AAPG Annual Convention and Exhibition

Datapages, Inc.Print this page

Benchmarking and Calibration of 3-D Geomechanical Models


When the stress state is unknown, regional orientations of the closest or most recent faults are used as a proxy. However in areas of complex faulting with presence of salt domes such assumptions results in misleading interpretations. Knowledge of stress orientations and magnitudes can be beneficial not just for drilling purposes but for considerations when evaluating options of matrix vs fracture injection. It is shown that building a 3D dynamic geomechanical model from only five wells of a deep water field, can give fair predictive results in which caliper analysis of a recently drilled well, shows breakouts nearly 90 degrees from the SHmax orientation calculated in the 3D model, corroborating the accuracy of stress predictions.
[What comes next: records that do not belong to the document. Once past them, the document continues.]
(* Let $\mathcal{G}$ be a connected hypergraph with spectral radius $\rho$ and principal eigenvector $X=(x_v)$. Let $k\ge 3$ and let $e_0,e_1,e_2$ be edges of $\mathcal{G}$ with $e_0=\{v_1,v_2,\dots,v_{k-1},v_k\}$, such that $\deg_{\mathcal{G}}(v_2)=\cdots=\deg_{\mathcal{G}}(v_{k-1})=1$, $e_1\cap e_0=\{v_1\}$ and $e_2\cap e_0=\{v_k\}$. Then $$x_{v_2}=x_{v_3}=\cdots=x_{v_{k-1}}=\frac{x_{v_1}+x_{v_k}}{(k-1)\rho-(k-3)}<\min\{x_{v_1},x_{v_k}\}.$$
   Context: A hypergraph has a finite vertex set and distinct edges (subsets with at least two vertices); $\deg_{\mathcal{G}}(v)$ is the number of edges containing $v$. The adjacency matrix has $(\mathcal{A}_{\mathcal{G}})_{ij}=\sum_{e\ni i,j}\frac{1}{|e|-1}$ for $i\ne j$ and $0$ on the diagonal; $\rho$ is its spectral radius. For connected $\mathcal{G}$ the principal eigenvector is the unique positive eigenvector $X$ of $\mathcal{A}_{\mathcal{G}}$ for $\rho$ with $\sum_v x_v^2=1$. *)

theory Defs
  imports Complex_Main
begin

definition hypergraph :: "'a set \<Rightarrow> 'a set set \<Rightarrow> bool" where
  "hypergraph V E \<longleftrightarrow> finite V \<and> (\<forall>e\<in>E. e \<subseteq> V \<and> card e \<ge> 2)"

definition hdeg :: "'a set set \<Rightarrow> 'a \<Rightarrow> nat" where
  "hdeg E v = card {e \<in> E. v \<in> e}"

definition hadj :: "'a set set \<Rightarrow> 'a \<Rightarrow> 'a \<Rightarrow> real" where
  "hadj E i j = (if i = j then 0
     else (\<Sum>e\<in>{e \<in> E. i \<in> e \<and> j \<in> e}. 1 / (real (card e) - 1)))"

definition hconnected :: "'a set \<Rightarrow> 'a set set \<Rightarrow> bool" where
  "hconnected V E \<longleftrightarrow> V \<noteq> {} \<and>
     (\<forall>u\<in>V. \<forall>w\<in>V. (\<lambda>a b. \<exists>e\<in>E. a \<in> e \<and> b \<in> e)\<^sup>*\<^sup>* u w)"

definition hadj_eigenvalue :: "'a set \<Rightarrow> 'a set set \<Rightarrow> complex \<Rightarrow> bool" where
  "hadj_eigenvalue V E mu \<longleftrightarrow> (\<exists>x :: 'a \<Rightarrow> complex. (\<exists>v\<in>V. x v \<noteq> 0) \<and>
     (\<forall>i\<in>V. (\<Sum>j\<in>V. complex_of_real (hadj E i j) * x j) = mu * x i))"

definition hspectral_radius :: "'a set \<Rightarrow> 'a set set \<Rightarrow> real" where
  "hspectral_radius V E = Max {cmod mu | mu. hadj_eigenvalue V E mu}"

definition principal_eigenvector :: "'a set \<Rightarrow> 'a set set \<Rightarrow> ('a \<Rightarrow> real) \<Rightarrow> bool" where
  "principal_eigenvector V E X \<longleftrightarrow>
     (\<forall>v\<in>V. X v > 0) \<and> (\<Sum>v\<in>V. (X v)\<^sup>2) = 1 \<and>
     (\<forall>i\<in>V. (\<Sum>j\<in>V. hadj E i j * X j) = hspectral_radius V E * X i)"

end

theory Submission
  imports Defs
begin

text \<open>The eigenvalue equation at a vertex u reads rho x(u) = sum over the edges e
  containing u of (S(e) - x(u)) / (|e| - 1), where S(e) is the sum of x over e.
  At a vertex of degree one in an edge e of size k this says x(u) ((k-1) rho + 1) = S(e),
  so the pendant vertices v(2), ..., v(k-1) of e0 all carry the value y = S(e0) / ((k-1) rho + 1).
  At v(1) and v(k) the further edges e1, e2 contribute positive terms, turning the equation
  into a strict inequality, so x(v(1)), x(v(k)) > y. Substituting
  S(e0) = x(v(1)) + x(v(k)) + (k-2) y into the definition of y gives the formula for y.\<close>

lemma hypergraph_finite_edges:
  assumes "hypergraph V E"
  shows "finite E"
proof -
  have "E \<subseteq> Pow V" using assms by (auto simp: hypergraph_def)
  with assms show ?thesis by (auto simp: hypergraph_def intro: finite_subset)
qed

lemma hadj_mult_sum_eq:
  assumes "hypergraph V E" and "u \<in> V"
  shows "(\<Sum>j\<in>V. hadj E u j * X j) =
    (\<Sum>e\<in>{e\<in>E. u \<in> e}. (sum X e - X u) / (real (card e) - 1))"
proof -
  have finV: "finite V" and sub: "\<forall>e\<in>E. e \<subseteq> V"
    using assms(1) by (auto simp: hypergraph_def)
  have finE: "finite {e\<in>E. u \<in> e}"
    using hypergraph_finite_edges[OF assms(1)] by simp
  let ?w = "\<lambda>e j. if j \<in> e then X j / (real (card e) - 1) else 0"
  have "(\<Sum>j\<in>V. hadj E u j * X j) = (\<Sum>j\<in>V-{u}. hadj E u j * X j)"
    using sum.remove[OF finV assms(2), of "\<lambda>j. hadj E u j * X j"] by (simp add: hadj_def)
  also have "\<dots> = (\<Sum>j\<in>V-{u}. \<Sum>e\<in>{e\<in>E. u \<in> e}. ?w e j)"
  proof (rule sum.cong[OF refl])
    fix j assume "j \<in> V-{u}"
    have "(\<Sum>e\<in>{e\<in>E. u \<in> e}. ?w e j) = (\<Sum>e\<in>{e' \<in> {e\<in>E. u \<in> e}. j \<in> e'}. X j / (real (card e) - 1))"
      by (rule sum.inter_filter[OF finE, symmetric])
    also have "{e' \<in> {e\<in>E. u \<in> e}. j \<in> e'} = {e\<in>E. u \<in> e \<and> j \<in> e}" by auto
    finally show "hadj E u j * X j = (\<Sum>e\<in>{e\<in>E. u \<in> e}. ?w e j)"
      using \<open>j \<in> V-{u}\<close> by (auto simp: hadj_def sum_distrib_right)
  qed
  also have "\<dots> = (\<Sum>e\<in>{e\<in>E. u \<in> e}. \<Sum>j\<in>V-{u}. ?w e j)"
    by (rule sum.swap)
  also have "\<dots> = (\<Sum>e\<in>{e\<in>E. u \<in> e}. (sum X e - X u) / (real (card e) - 1))"
  proof (rule sum.cong[OF refl])
    fix e assume e: "e \<in> {e\<in>E. u \<in> e}"
    then have "e \<subseteq> V" using sub by auto
    then have "{j \<in> V-{u}. j \<in> e} = e - {u}" and "finite e"
      using finV finite_subset by auto
    have "(\<Sum>j\<in>V-{u}. ?w e j) = (\<Sum>j\<in>{j \<in> V-{u}. j \<in> e}. X j / (real (card e) - 1))"
      using finV by (intro sum.inter_filter[symmetric]) simp
    also have "\<dots> = (sum X e - X u) / (real (card e) - 1)"
      using e \<open>finite e\<close> \<open>{j \<in> V-{u}. j \<in> e} = e - {u}\<close>
      by (simp add: sum_divide_distrib[symmetric] sum_diff1)
    finally show "(\<Sum>j\<in>V-{u}. ?w e j) = (sum X e - X u) / (real (card e) - 1)" .
  qed
  finally show ?thesis .
qed

lemma eigenvector_pendant_vertex:
  assumes "hypergraph V E" and eig: "\<forall>i\<in>V. (\<Sum>j\<in>V. hadj E i j * X j) = \<rho> * X i"
    and "e \<in> E" and "u \<in> e" and "hdeg E u = 1"
  shows "X u * ((real (card e) - 1) * \<rho> + 1) = sum X e"
proof -
  have "card {e\<in>E. u \<in> e} = 1" using assms(5) by (simp add: hdeg_def)
  then have edges_u: "{e\<in>E. u \<in> e} = {e}"
    using assms(3,4) by (metis (mono_tags, lifting) card_1_singletonE mem_Collect_eq singletonD)
  have "card e \<ge> 2" and "u \<in> V"
    using assms(1,3,4) by (auto simp: hypergraph_def)
  moreover have "\<rho> * X u = (sum X e - X u) / (real (card e) - 1)"
    using eig hadj_mult_sum_eq[OF assms(1) \<open>u \<in> V\<close>, of X] edges_u \<open>u \<in> V\<close> by simp
  ultimately show ?thesis by (simp add: field_simps)
qed

lemma eigenvector_vertex_in_two_edges:
  assumes "hypergraph V E" and eig: "\<forall>i\<in>V. (\<Sum>j\<in>V. hadj E i j * X j) = \<rho> * X i"
    and pos: "\<forall>i\<in>V. X i > 0"
    and "e \<in> E" and "e' \<in> E" and "e' \<noteq> e" and "u \<in> e" and "u \<in> e'"
  shows "X u * ((real (card e) - 1) * \<rho> + 1) > sum X e"
proof -
  have finV: "finite V" and sub: "\<forall>e\<in>E. e \<subseteq> V" and big: "\<forall>e\<in>E. card e \<ge> 2"
    using assms(1) by (auto simp: hypergraph_def)
  have finE: "finite {e\<in>E. u \<in> e}"
    using hypergraph_finite_edges[OF assms(1)] by simp
  have "u \<in> V" using sub assms(4,7) by auto
  let ?m = "\<lambda>e. (sum X e - X u) / (real (card e) - 1)"
  have m_pos: "?m f > 0" if "f \<in> E" "u \<in> f" for f
  proof -
    have "f \<subseteq> V" "card f \<ge> 2" using that sub big by auto
    then have "finite f" using finV finite_subset by blast
    then have "card (f - {u}) > 0" using \<open>card f \<ge> 2\<close> that(2) by simp
    then have "f - {u} \<noteq> {}" by (metis card.empty less_irrefl)
    then have "sum X (f - {u}) > 0"
      using \<open>finite f\<close> \<open>f \<subseteq> V\<close> pos by (intro sum_pos) auto
    with \<open>finite f\<close> \<open>card f \<ge> 2\<close> that(2) show ?thesis by (simp add: sum_diff1)
  qed
  have "?m e + ?m e' = (\<Sum>f\<in>{e, e'}. ?m f)" using assms(6) by simp
  also have "\<dots> \<le> (\<Sum>f\<in>{e\<in>E. u \<in> e}. ?m f)"
    using assms(4,5,7,8) m_pos by (intro sum_mono2[OF finE]) (auto intro: less_imp_le)
  also have "\<dots> = \<rho> * X u"
    using eig hadj_mult_sum_eq[OF assms(1) \<open>u \<in> V\<close>, of X] \<open>u \<in> V\<close> by simp
  finally have "?m e < \<rho> * X u" using m_pos[OF assms(5,8)] by simp
  moreover have "card e \<ge> 2" using big assms(4) by simp
  ultimately show ?thesis by (simp add: field_simps)
qed

lemma sum_atLeastAtMost_split_ends:
  fixes g :: "nat \<Rightarrow> 'b::comm_monoid_add"
  assumes "k \<ge> 2"
  shows "(\<Sum>i\<in>{1..k}. g i) = g 1 + g k + (\<Sum>i\<in>{2..k-1}. g i)"
proof -
  have "{1..k} = insert 1 (insert k {2..k-1})" using assms by auto
  then show ?thesis using assms by (simp add: add.assoc)
qed

lemma eigenvector_pendant_vertices_value:
  assumes "hypergraph V E" and eig: "\<forall>i\<in>V. (\<Sum>j\<in>V. hadj E i j * X j) = \<rho> * X i"
    and pos: "\<forall>i\<in>V. X i > 0" and "k \<ge> 3" and "e0 \<in> E"
    and "inj_on v {1..k}" and "e0 = v ` {1..k}"
    and "\<forall>i\<in>{2..k-1}. hdeg E (v i) = 1"
  shows "(real k - 1) * \<rho> + 1 > 0"
    and "\<And>i. i \<in> {2..k-1} \<Longrightarrow> X (v i) = sum X e0 / ((real k - 1) * \<rho> + 1)"
proof -
  have "card e0 = k" using card_image[OF assms(6)] assms(7) by simp
  have "e0 \<subseteq> V" using assms(1,5) by (auto simp: hypergraph_def)
  then have "v 2 \<in> V" using assms(4,7) by auto
  have pendant: "X (v i) * ((real k - 1) * \<rho> + 1) = sum X e0" if "i \<in> {2..k-1}" for i
    using eigenvector_pendant_vertex[OF assms(1) eig assms(5)] that assms(7,8) \<open>card e0 = k\<close>
    by auto
  have "sum X e0 > 0"
    using \<open>e0 \<subseteq> V\<close> \<open>card e0 = k\<close> \<open>k \<ge> 3\<close> pos
    by (intro sum_pos) (auto intro: card_ge_0_finite)
  moreover have "X (v 2) > 0" using pos \<open>v 2 \<in> V\<close> by simp
  moreover have "X (v 2) * ((real k - 1) * \<rho> + 1) = sum X e0" using pendant assms(4) by simp
  ultimately show D_pos: "(real k - 1) * \<rho> + 1 > 0" by (metis zero_less_mult_pos)
  show "X (v i) = sum X e0 / ((real k - 1) * \<rho> + 1)" if "i \<in> {2..k-1}" for i
    using pendant[OF that] D_pos by (simp add: field_simps)
qed

lemma eigenvector_pendant_edge:
  assumes "hypergraph V E" and eig: "\<forall>i\<in>V. (\<Sum>j\<in>V. hadj E i j * X j) = \<rho> * X i"
    and pos: "\<forall>i\<in>V. X i > 0" and "k \<ge> 3"
    and "e0 \<in> E" and "e1 \<in> E" and "e2 \<in> E"
    and "inj_on v {1..k}" and "e0 = v ` {1..k}"
    and "\<forall>i\<in>{2..k-1}. hdeg E (v i) = 1"
    and "e1 \<inter> e0 = {v 1}" and "e2 \<inter> e0 = {v k}"
  shows "\<forall>i\<in>{2..k-1}. X (v i) = (X (v 1) + X (v k)) / ((real k - 1) * \<rho> - (real k - 3))
    \<and> (X (v 1) + X (v k)) / ((real k - 1) * \<rho> - (real k - 3)) < min (X (v 1)) (X (v k))"
proof -
  define D where "D = (real k - 1) * \<rho> + 1"
  define y where "y = sum X e0 / D"
  note pendant_value = eigenvector_pendant_vertices_value[OF assms(1-5,8-10), folded D_def y_def]
  have "card e0 = k" using card_image[OF assms(8)] assms(9) by simp
  have "e0 \<subseteq> V" using assms(1,5) by (auto simp: hypergraph_def)
  then have "v 1 \<in> V" "v k \<in> V" using assms(4,9) by auto
  have end_gt: "X u > y" if "e \<in> E" "e \<inter> e0 = {u}" for u e
  proof -
    have "e \<noteq> e0" using that(2) \<open>card e0 = k\<close> \<open>k \<ge> 3\<close> by auto
    then have "X u * D > sum X e0"
      using eigenvector_vertex_in_two_edges[OF assms(1) eig pos assms(5) that(1)] that(2)
        \<open>card e0 = k\<close> by (auto simp: D_def)
    with pendant_value(1) show ?thesis by (simp add: y_def field_simps)
  qed
  have "D * y = sum X e0" using pendant_value(1) by (simp add: y_def)
  also have "\<dots> = (\<Sum>i\<in>{1..k}. X (v i))"
    using sum.reindex[OF assms(8), of X] assms(9) by simp
  also have "\<dots> = X (v 1) + X (v k) + (\<Sum>i\<in>{2..k-1}. X (v i))"
    using sum_atLeastAtMost_split_ends[of k] assms(4) by simp
  also have "(\<Sum>i\<in>{2..k-1}. X (v i)) = (real k - 2) * y"
    using pendant_value(2) assms(4) by (simp add: of_nat_diff)
  finally have y_eq: "((real k - 1) * \<rho> - (real k - 3)) * y = X (v 1) + X (v k)"
    by (simp add: D_def algebra_simps)
  moreover have "X (v 1) > 0" "X (v k) > 0" using pos \<open>v 1 \<in> V\<close> \<open>v k \<in> V\<close> by simp_all
  ultimately have "(real k - 1) * \<rho> - (real k - 3) \<noteq> 0" by auto
  with y_eq have "y = (X (v 1) + X (v k)) / ((real k - 1) * \<rho> - (real k - 3))"
    by (simp add: eq_divide_eq mult.commute)
  then show ?thesis
    using pendant_value(2) end_gt[OF assms(6,11)] end_gt[OF assms(7,12)] by auto
qed

theorem lemma3p6:
  fixes V :: "'a set" and E :: "'a set set" and X :: "'a \<Rightarrow> real"
    and k :: nat and v :: "nat \<Rightarrow> 'a" and e0 e1 e2 :: "'a set"
  assumes "hypergraph V E" and "hconnected V E"
    and "principal_eigenvector V E X"
    and "k \<ge> 3"
    and "e0 \<in> E" and "e1 \<in> E" and "e2 \<in> E"
    and "inj_on v {1..k}" and "e0 = v ` {1..k}"
    and "\<forall>i\<in>{2..k-1}. hdeg E (v i) = 1"
    and "e1 \<inter> e0 = {v 1}" and "e2 \<inter> e0 = {v k}"
  shows "\<forall>i\<in>{2..k-1}. X (v i) = (X (v 1) + X (v k)) /
            ((real k - 1) * hspectral_radius V E - (real k - 3))
         \<and> (X (v 1) + X (v k)) / ((real k - 1) * hspectral_radius V E - (real k - 3))
            < min (X (v 1)) (X (v k))"
proof -
  \<comment> \<open>Connectivity is only needed for the principal eigenvector to exist; here it is given.\<close>
  have "\<forall>i\<in>V. X i > 0"
    and "\<forall>i\<in>V. (\<Sum>j\<in>V. hadj E i j * X j) = hspectral_radius V E * X i"
    using assms(3) by (auto simp: principal_eigenvector_def)
  then show ?thesis
    using eigenvector_pendant_edge[OF assms(1)] assms(4-12) by blast
qed

end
Furthermore, contrary to what would be expected from geological observations, the SHmax orientation is not aligned with the dip azimuth of the nearby fault but rotated 50 degrees from it. Thus, the trajectory of an injector well can be oriented in a favorable direction requiring lower fracturing pressures for hydraulic fracturing operations and providing preferential sweep matrix injection towards the producer (i.e, minimizing water breakthrough risks). Separately from stress orientation and magnitude validation, shear deformation can be used as an extra parameter for calibration/benchmarking, something that is commonly overlooked in coupled fluid flow geomechanics modeling. By incorporating elasto-plastic rock behavior, the results showed predictions of shear deformation either at initial conditions (i.e., prior to depletion) or during subsequent injection periods and in locations that were also corroborated from 1D models. Another practical implication of this is that models can be calibrated to pre-production strain levels without the effort of restauration models. Thus a calibration processes require the modeler to assess how when the model outputs is affected by the model inputs and/or the input data, making 3D geomechanical modeling a predictive tool, rather than just a matching exercise of past events.